***** Entries supplied

(* Let $k\hookrightarrow K$ be a finite field extension, $V$ a $K$-vector space and $\varphi\in\mathrm{End}_K(V)$ finite potent such that $1+\varphi$ is invertible. Then $$\operatorname{Det}^k_V(1+\varphi)=N_{K/k}\big[\operatorname{Det}^K_V(1+\varphi)\big],$$ where $N_{K/k}\colon K^\times\to k^\times$ is the norm of the extension and $V$ is regarded as a $k$-vector space on the left-hand side.
   Context: An endomorphism $\varphi$ of a vector space $U$ over a field $F$ is finite potent if $\varphi^nU$ is finite dimensional for some $n$; then $\operatorname{Det}^F_U(1+\varphi)$ is the ordinary determinant over $F$ of $1+\varphi$ restricted to any finite-dimensional $\varphi$-invariant $F$-subspace $W$ with $\varphi^nU\subseteq W$ for some $n$. *)

theory Defs
  imports Main "Jordan_Normal_Form.Determinant"
begin

definition fin_dim_subspace :: "('s::field \<Rightarrow> 'v::ab_group_add \<Rightarrow> 'v) \<Rightarrow> 'v set \<Rightarrow> bool" where
  "fin_dim_subspace sc W \<longleftrightarrow> module.subspace sc W \<and>
     (\<exists>B. finite B \<and> B \<subseteq> W \<and> module.span sc B = W)"

definition lin_det :: "('s::field \<Rightarrow> 'v::ab_group_add \<Rightarrow> 'v) \<Rightarrow> 'v set \<Rightarrow> ('v \<Rightarrow> 'v) \<Rightarrow> 's" where
  "lin_det sc W f =
     (let bs = (SOME bs. distinct bs \<and> \<not> module.dependent sc (set bs) \<and> module.span sc (set bs) = W)
      in det (mat (length bs) (length bs)
                (\<lambda>(i, j). module.representation sc (set bs) (f (bs ! j)) (bs ! i))))"

definition finite_potent :: "('s::field \<Rightarrow> 'v::ab_group_add \<Rightarrow> 'v) \<Rightarrow> ('v \<Rightarrow> 'v) \<Rightarrow> bool" where
  "finite_potent sc \<phi> \<longleftrightarrow> (\<exists>n. fin_dim_subspace sc (module.span sc (range (\<phi> ^^ n))))"

definition Det_one_plus :: "('s::field \<Rightarrow> 'v::ab_group_add \<Rightarrow> 'v) \<Rightarrow> ('v \<Rightarrow> 'v) \<Rightarrow> 's" where
  "Det_one_plus sc \<phi> =
     (let W = (SOME W. fin_dim_subspace sc W \<and> \<phi> ` W \<subseteq> W \<and> (\<exists>n. range (\<phi> ^^ n) \<subseteq> W))
      in lin_det sc W (\<lambda>v. v + \<phi> v))"

definition field_norm :: "('k::field \<Rightarrow> 'K::field) \<Rightarrow> 'K \<Rightarrow> 'k" where
  "field_norm \<iota> x = lin_det (\<lambda>a y. \<iota> a * y) UNIV (\<lambda>y. x * y)"

end

theory Submission
  imports Defs
begin

text \<open>
  If a linear map \<open>f\<close> of a finite-dimensional space \<open>W\<close> preserves a subspace \<open>U\<close>, then
  \<open>det f\<close> is the determinant on \<open>U\<close> times the determinant of the map induced on a complement.
  The map induced by a nilpotent map is nilpotent, so \<open>det (1 + n) = 1\<close> for nilpotent \<open>n\<close>.
  Consequently \<open>Det (1 + \<phi>)\<close> is the determinant of \<open>1 + \<phi>\<close> on \<open>\<phi>\<^sup>N V\<close> for all large \<open>N\<close>,
  over \<open>k\<close> and over \<open>K\<close> alike, and this is a finite-dimensional \<open>K\<close>-space.

  It remains to show \<open>det\<^sub>k f = N\<^sub>K\<^sub>/\<^sub>k (det\<^sub>K f)\<close> for an endomorphism \<open>f\<close> of a
  finite-dimensional \<open>K\<close>-space, by induction on the dimension. If the first basis vector \<open>e\<close>
  is an eigenvector with eigenvalue \<open>c\<close>, the line \<open>K e\<close> contributes \<open>c\<close> over \<open>K\<close> and
  \<open>N(c)\<close> over \<open>k\<close>, the complement is handled by induction, and \<open>N\<close> is multiplicative.
  In general, \<open>f\<close> is first composed with \<open>1 + n\<close> for a square-zero \<open>n\<close> making \<open>e\<close> an
  eigenvector; this changes neither determinant.
\<close>

lemma sum_set_conv_sum_nth:
  "distinct xs \<Longrightarrow> (\<Sum>x\<in>set xs. g x) = (\<Sum>i<length xs. g (xs ! i))"
  by (rule sum.reindex_bij_betw[symmetric], rule bij_betw_nth) auto

lemma funpow_image_subset: "f ` A \<subseteq> A \<Longrightarrow> x \<in> A \<Longrightarrow> (f ^^ n) x \<in> A"
  by (induction n) auto

lemma range_funpow_antimono:
  fixes f :: "'a \<Rightarrow> 'a"
  assumes "m \<le> n"
  shows "range (f ^^ n) \<subseteq> range (f ^^ m)"
proof -
  have "f ^^ n = f ^^ m \<circ> f ^^ (n - m)"
    using assms by (simp flip: funpow_add)
  then show ?thesis by auto
qed

lemma image_range_funpow_subset: "f ` range (f ^^ n) \<subseteq> range (f ^^ n)"
  by (auto simp: funpow_swap1)

section \<open>Matrices and determinants of endomorphisms\<close>

definition basis_list :: "('s::field \<Rightarrow> 'v::ab_group_add \<Rightarrow> 'v) \<Rightarrow> 'v set \<Rightarrow> 'v list \<Rightarrow> bool" where
  "basis_list sc W bs \<longleftrightarrow>
     distinct bs \<and> \<not> module.dependent sc (set bs) \<and> module.span sc (set bs) = W"

text \<open>The matrix of \<open>f\<close> from the basis \<open>bs\<close> to the basis \<open>cs\<close> (target basis first).\<close>
definition rep_mat :: "('s::field \<Rightarrow> 'v::ab_group_add \<Rightarrow> 'v) \<Rightarrow> 'v list \<Rightarrow> 'v list \<Rightarrow> ('v \<Rightarrow> 'v) \<Rightarrow> 's mat" where
  "rep_mat sc cs bs f =
     mat (length cs) (length bs) (\<lambda>(i, j). module.representation sc (set cs) (f (bs ! j)) (cs ! i))"

lemma rep_mat_index [simp]:
  "i < length cs \<Longrightarrow> j < length bs \<Longrightarrow>
     rep_mat sc cs bs f $$ (i, j) = module.representation sc (set cs) (f (bs ! j)) (cs ! i)"
  "dim_row (rep_mat sc cs bs f) = length cs" "dim_col (rep_mat sc cs bs f) = length bs"
  by (auto simp: rep_mat_def)

lemma rep_mat_carrier [simp]: "rep_mat sc cs bs f \<in> carrier_mat (length cs) (length bs)"
  by (auto simp: rep_mat_def)

definition proj_along :: "('s::field \<Rightarrow> 'v::ab_group_add \<Rightarrow> 'v) \<Rightarrow> 'v set \<Rightarrow> 'v set \<Rightarrow> ('v \<Rightarrow> 'v) \<Rightarrow> bool" where
  "proj_along sc U U' p \<longleftrightarrow> Vector_Spaces.linear sc sc p \<and> (\<forall>x\<in>U. p x = 0) \<and> (\<forall>x\<in>U'. p x = x)"

context vector_space
begin

lemma basis_listD:
  assumes "basis_list scale W bs"
  shows "distinct bs" "independent (set bs)" "span (set bs) = W"
  using assms by (auto simp: basis_list_def)

lemma basis_list_subspace: "basis_list scale W bs \<Longrightarrow> subspace W"
  using subspace_span basis_listD(3) by blast

lemma basis_list_subset: "basis_list scale W bs \<Longrightarrow> set bs \<subseteq> W"
  using span_superset basis_listD(3) by blast

lemma basis_list_nth_mem: "basis_list scale W bs \<Longrightarrow> j < length bs \<Longrightarrow> bs ! j \<in> W"
  using basis_list_subset nth_mem by blast

lemma length_basis_list: "basis_list scale W bs \<Longrightarrow> length bs = dim W"
  using basis_card_eq_dim[OF basis_list_subset _ basis_listD(2)] basis_listD(3)
    distinct_card[OF basis_listD(1)] by fastforce

lemma basis_list_fin_dim_subspace:
  assumes "basis_list scale W bs"
  shows "fin_dim_subspace scale W"
  unfolding fin_dim_subspace_def
proof (intro conjI exI)
  show "subspace W" by (rule basis_list_subspace[OF assms])
  show "finite (set bs)" "set bs \<subseteq> W" "span (set bs) = W"
    using basis_list_subset[OF assms] basis_listD(3)[OF assms] by auto
qed

lemma basis_list_of_independent:
  assumes "independent B" "finite B" "span B = W"
  obtains bs where "basis_list scale W bs"
  using assms finite_distinct_list[OF \<open>finite B\<close>] by (metis basis_list_def)

lemma fin_dim_subspace_obtain_basis_list:
  assumes "fin_dim_subspace scale W"
  obtains bs where "basis_list scale W bs"
proof -
  from assms obtain B where B: "finite B" "B \<subseteq> W" "span B = W"
    unfolding fin_dim_subspace_def by auto
  obtain C where C: "C \<subseteq> B" "independent C" "B \<subseteq> span C"
    using maximal_independent_subset[of B] by blast
  have "span C = W"
    using span_mono[OF C(1)] span_minimal[OF C(3) subspace_span] B(3) by blast
  then show ?thesis
    using basis_list_of_independent C(2) finite_subset[OF C(1) B(1)] that by blast
qed

lemma subspace_obtain_basis_list:
  assumes "basis_list scale W ws" "subspace U" "U \<subseteq> W"
  obtains us where "basis_list scale U us"
proof -
  obtain C where C: "C \<subseteq> U" "independent C" "U \<subseteq> span C"
    using maximal_independent_subset[of U] by blast
  have "finite C"
    using independent_span_bound[of "set ws" C] C assms basis_listD(3)[OF assms(1)] by auto
  moreover have "span C = U" using C assms(2) span_minimal[of C U] by auto
  ultimately show ?thesis using basis_list_of_independent C(2) that by blast
qed

lemma basis_list_extend:
  assumes ws: "basis_list scale W ws" and us: "basis_list scale U us" and "U \<subseteq> W"
  obtains us' where "basis_list scale W (us @ us')"
proof -
  have "set us \<subseteq> W" using basis_list_subset[OF us] \<open>U \<subseteq> W\<close> by blast
  then obtain B where B: "set us \<subseteq> B" "B \<subseteq> W" "independent B" "W \<subseteq> span B"
    using maximal_independent_subset_extend[of "set us" W] basis_listD(2)[OF us] by blast
  have "finite B"
    using independent_span_bound[of "set ws" B] B(2,3) basis_listD(3)[OF ws] by simp
  then obtain us' where us': "set us' = B - set us" "distinct us'"
    using finite_distinct_list[of "B - set us"] by blast
  have "span B = W" using span_minimal[OF B(2) basis_list_subspace[OF ws]] B(4) by blast
  then have "basis_list scale W (us @ us')"
    unfolding basis_list_def using us' B(1,3) basis_listD(1)[OF us] by (auto simp: Un_absorb1)
  then show ?thesis by (rule that)
qed

lemma basis_list_append:
  assumes "basis_list scale W (us @ us')"
  shows "basis_list scale (span (set us)) us" "basis_list scale (span (set us')) us'"
    "set us \<inter> set us' = {}"
  using assms by (auto simp: basis_list_def intro: dependent_mono)

lemma basis_list_singleton: "y \<noteq> 0 \<Longrightarrow> basis_list scale (span {y}) [y]"
  by (simp add: basis_list_def)

lemma linear_funpow:
  assumes "Vector_Spaces.linear scale scale f"
  shows "Vector_Spaces.linear scale scale (f ^^ n)"
proof (induction n)
  case 0
  show ?case using linear_id by (simp add: id_def)
next
  case (Suc n)
  show ?case unfolding funpow.simps(2) by (rule Vector_Spaces.linear_compose[OF Suc assms])
qed

lemma sum_nth_representation:
  assumes "independent (set cs)" "distinct cs" "x \<in> span (set cs)"
  shows "(\<Sum>k<length cs. representation (set cs) x (cs ! k) *s cs ! k) = x"
  using sum_representation_eq[OF assms(1) assms(3) _ order.refl]
  by (simp add: sum_set_conv_sum_nth[OF assms(2)])
(* Let $q(m)$ be the number of partitions of $m$ into distinct parts ($q(0)=1$, $q(m)=0$ for $m<0$) and $s(n)=q(n)-2q(n-1)+q(n-2)$. Call a butterfly partition of $n$ a partition of $n$ into distinct parts $p_1>p_2>\dots>p_k$ with $k\ge 3$, $p_1=p_2+1=p_3+2$ and $p_k\ge 2$, and for $n\ge 6$ let $s_e(n)$ be the number of butterfly partitions of $n$ with $p_2$ even. For an integer $t$ put $P_1(t)=\tfrac12(3t^2+t+4)$, $P_2(t)=\tfrac12(3(t+1)^2-t-1)$, $P_3(t)=\tfrac12(3(t+1)^2-t+3)$, $P_4(t)=\tfrac12(3(t+1)^2+t+1)$. Then for every integer $n\ge 6$: (a) if $n\notin\{P_1(t),P_2(t),P_3(t),P_4(t)\}$ for every integer $t\ge 2$, then $s(n)=2s_e(n)$, in particular $s(n)$ is even; (b) if $n=P_1(t)$ or $n=P_4(t)$ for some integer $t\ge2$, then $s(n)=2s_e(n)+1$, in particular $s(n)$ is odd; (c) if $n=P_2(t)$ or $n=P_3(t)$ for some integer $t\ge 2$, then $s(n)=2s_e(n)-1$, in particular $s(n)$ is odd. *)

theory Defs
  imports Main
begin

text \<open>A partition of m into distinct parts is identified with the finite set of its
  (positive) parts, whose sum is m.\<close>
definition distinct_partitions :: "nat \<Rightarrow> nat set set" where
  "distinct_partitions m = {A. finite A \<and> 0 \<notin> A \<and> \<Sum>A = m}"

definition q :: "int \<Rightarrow> nat" where
  "q m = (if m < 0 then 0 else card (distinct_partitions (nat m)))"

definition s :: "int \<Rightarrow> int" where
  "s n = int (q n) - 2 * int (q (n - 1)) + int (q (n - 2))"

text \<open>The parts in decreasing order p_1 > p_2 > ... > p_k (list index i-1 is p_i).\<close>
definition parts :: "nat set \<Rightarrow> nat list" where
  "parts A = rev (sorted_list_of_set A)"

definition butterfly :: "nat \<Rightarrow> nat set \<Rightarrow> bool" where
  "butterfly n A \<longleftrightarrow> A \<in> distinct_partitions n \<and> card A \<ge> 3 \<and>
     parts A ! 0 = parts A ! 1 + 1 \<and> parts A ! 0 = parts A ! 2 + 2 \<and>
     parts A ! (card A - 1) \<ge> 2"

definition s_e :: "nat \<Rightarrow> nat" where
  "s_e n = card {A. butterfly n A \<and> even (parts A ! 1)}"

definition P1 :: "int \<Rightarrow> int" where "P1 t = (3 * t^2 + t + 4) div 2"
definition P2 :: "int \<Rightarrow> int" where "P2 t = (3 * (t + 1)^2 - t - 1) div 2"
definition P3 :: "int \<Rightarrow> int" where "P3 t = (3 * (t + 1)^2 - t + 3) div 2"
definition P4 :: "int \<Rightarrow> int" where "P4 t = (3 * (t + 1)^2 + t + 1) div 2"

end

theory Submission
  imports Defs "HOL-Computational_Algebra.Polynomial"
begin
lemma gen_module_mult_unit_multiples:
  assumes G: "G \<subseteq> carrier R" and r: "r \<in> carrier R" and z: "z \<in> span L (unit_multiples G)"
  shows "r \<otimes> z \<in> gen_module G"
  using z
proof (induction rule: span.induct)
  case span_zero
  then show ?case using r submodD(2)[OF gen_module_submod[OF G]] by simp
next
  case (span_smult k s)
  obtain N g where Ng: "N \<in> Ms" "g \<in> G" "s = unit_at N \<otimes> g"
    using span_smult(2) unfolding unit_multiples_def by blast
  have carr: "k \<in> carrier R" "unit_at N \<in> carrier R" "g \<in> carrier R"
    using span_smult(1) L_carrier unit_at(1)[OF Ng(1)] Ng(2) G by blast+
  obtain b where b: "b \<in> L" "(r \<otimes> k) \<otimes> unit_at N \<ominus> b \<otimes> unit_at N \<in> IM"
    using unit_at_times_mod_IM[OF m_closed[OF r carr(1)] Ng(1)] by blast
  have "b \<in> carrier R" using b(1) L_carrier by blast
  then have "r \<otimes> (k \<otimes> s) = ((r \<otimes> k) \<otimes> unit_at N \<ominus> b \<otimes> unit_at N) \<otimes> g \<oplus> b \<otimes> s"
    unfolding Ng(3) using r carr by algebra
  moreover have "((r \<otimes> k) \<otimes> unit_at N \<ominus> b \<otimes> unit_at N) \<otimes> g \<in> span IM G"
    using span.span_smult[OF b(2) Ng(2)] .
  moreover have "b \<otimes> s \<in> span L (unit_multiples G)" using span.span_smult[OF b(1) span_smult(2)] .
  ultimately show ?case unfolding gen_module_def set_add_iff by blast
next
  case (span_add x y)
  have "x \<in> carrier R" "y \<in> carrier R"
    using span_add(1,2) span_carrier[OF L_carrier unit_multiples_carrier[OF G]] by blast+
  then have "r \<otimes> (x \<oplus> y) = r \<otimes> x \<oplus> r \<otimes> y" using r by (simp add: r_distr)
  then show ?case using submodD(3)[OF gen_module_submod[OF G] span_add(3,4)] by simp
qed
definition core_network :: "'v set \<Rightarrow> ('v \<times> 'v) set \<Rightarrow> 'v set \<Rightarrow> 'v \<Rightarrow> bool" where
  "core_network V E I out \<longleftrightarrow> network V E I out \<and>
     (\<forall>v\<in>V. downstream E v out \<and> (\<exists>i\<in>I. downstream E i v))"

definition simple_path :: "('v \<times> 'v) set \<Rightarrow> 'v list \<Rightarrow> 'v \<Rightarrow> 'v \<Rightarrow> bool" where
  "simple_path E S a b \<longleftrightarrow> S \<noteq> [] \<and> hd S = a \<and> last S = b \<and> distinct S \<and>
     (\<forall>k. Suc k < length S \<longrightarrow> (S ! k, S ! Suc k) \<in> E)"

definition input_simple :: "('v \<times> 'v) set \<Rightarrow> 'v \<Rightarrow> 'v \<Rightarrow> 'v \<Rightarrow> bool" where
  "input_simple E out i v \<longleftrightarrow> (\<exists>S. simple_path E S i out \<and> v \<in> set S)"

definition input_appendage :: "('v \<times> 'v) set \<Rightarrow> 'v \<Rightarrow> 'v \<Rightarrow> 'v \<Rightarrow> bool" where
  "input_appendage E out i v \<longleftrightarrow> downstream E i v \<and> \<not> input_simple E out i v"

definition absolutely_appendage ::
  "'v set \<Rightarrow> ('v \<times> 'v) set \<Rightarrow> 'v set \<Rightarrow> 'v \<Rightarrow> 'v \<Rightarrow> bool" where
  "absolutely_appendage V E I out v \<longleftrightarrow> v \<in> V \<and> (\<forall>i\<in>I. input_appendage E out i v)"

text \<open>Node set of the subnetwork A_G (its arrows are all arrows of E between these nodes).\<close>
definition appendage_nodes :: "'v set \<Rightarrow> ('v \<times> 'v) set \<Rightarrow> 'v set \<Rightarrow> 'v \<Rightarrow> 'v set" where
  "appendage_nodes V E I out = {v. absolutely_appendage V E I out v}"

definition path_within :: "('v \<times> 'v) set \<Rightarrow> 'v set \<Rightarrow> 'v \<Rightarrow> 'v \<Rightarrow> bool" where
  "path_within E K a b \<longleftrightarrow> a \<in> K \<and> b \<in> K \<and> (a, b) \<in> (E \<inter> (K \<times> K))\<^sup>*"

definition path_equivalent :: "('v \<times> 'v) set \<Rightarrow> 'v set \<Rightarrow> 'v \<Rightarrow> 'v \<Rightarrow> bool" where
  "path_equivalent E K a b \<longleftrightarrow> path_within E K a b \<and> path_within E K b a"

definition path_component :: "('v \<times> 'v) set \<Rightarrow> 'v set \<Rightarrow> 'v set \<Rightarrow> bool" where
  "path_component E K C \<longleftrightarrow> (\<exists>a\<in>K. C = {b. path_equivalent E K a b})"

definition compl_nodes :: "'v set \<Rightarrow> 'v list \<Rightarrow> 'v set" where
  "compl_nodes V S = V - set S"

**********

In the data above, find the line that contains "cs. representation (set" and the line that contains "by (simp add: sum_set_conv_sum_nth[OF". Repeat exactly those lines and every line between them, and only those.

▶ _Answer space_:
  shows "(\<Sum>k<length cs. representation (set cs) x (cs ! k) *s cs ! k) = x"
  using sum_representation_eq[OF assms(1) assms(3) _ order.refl]
  by (simp add: sum_set_conv_sum_nth[OF assms(2)])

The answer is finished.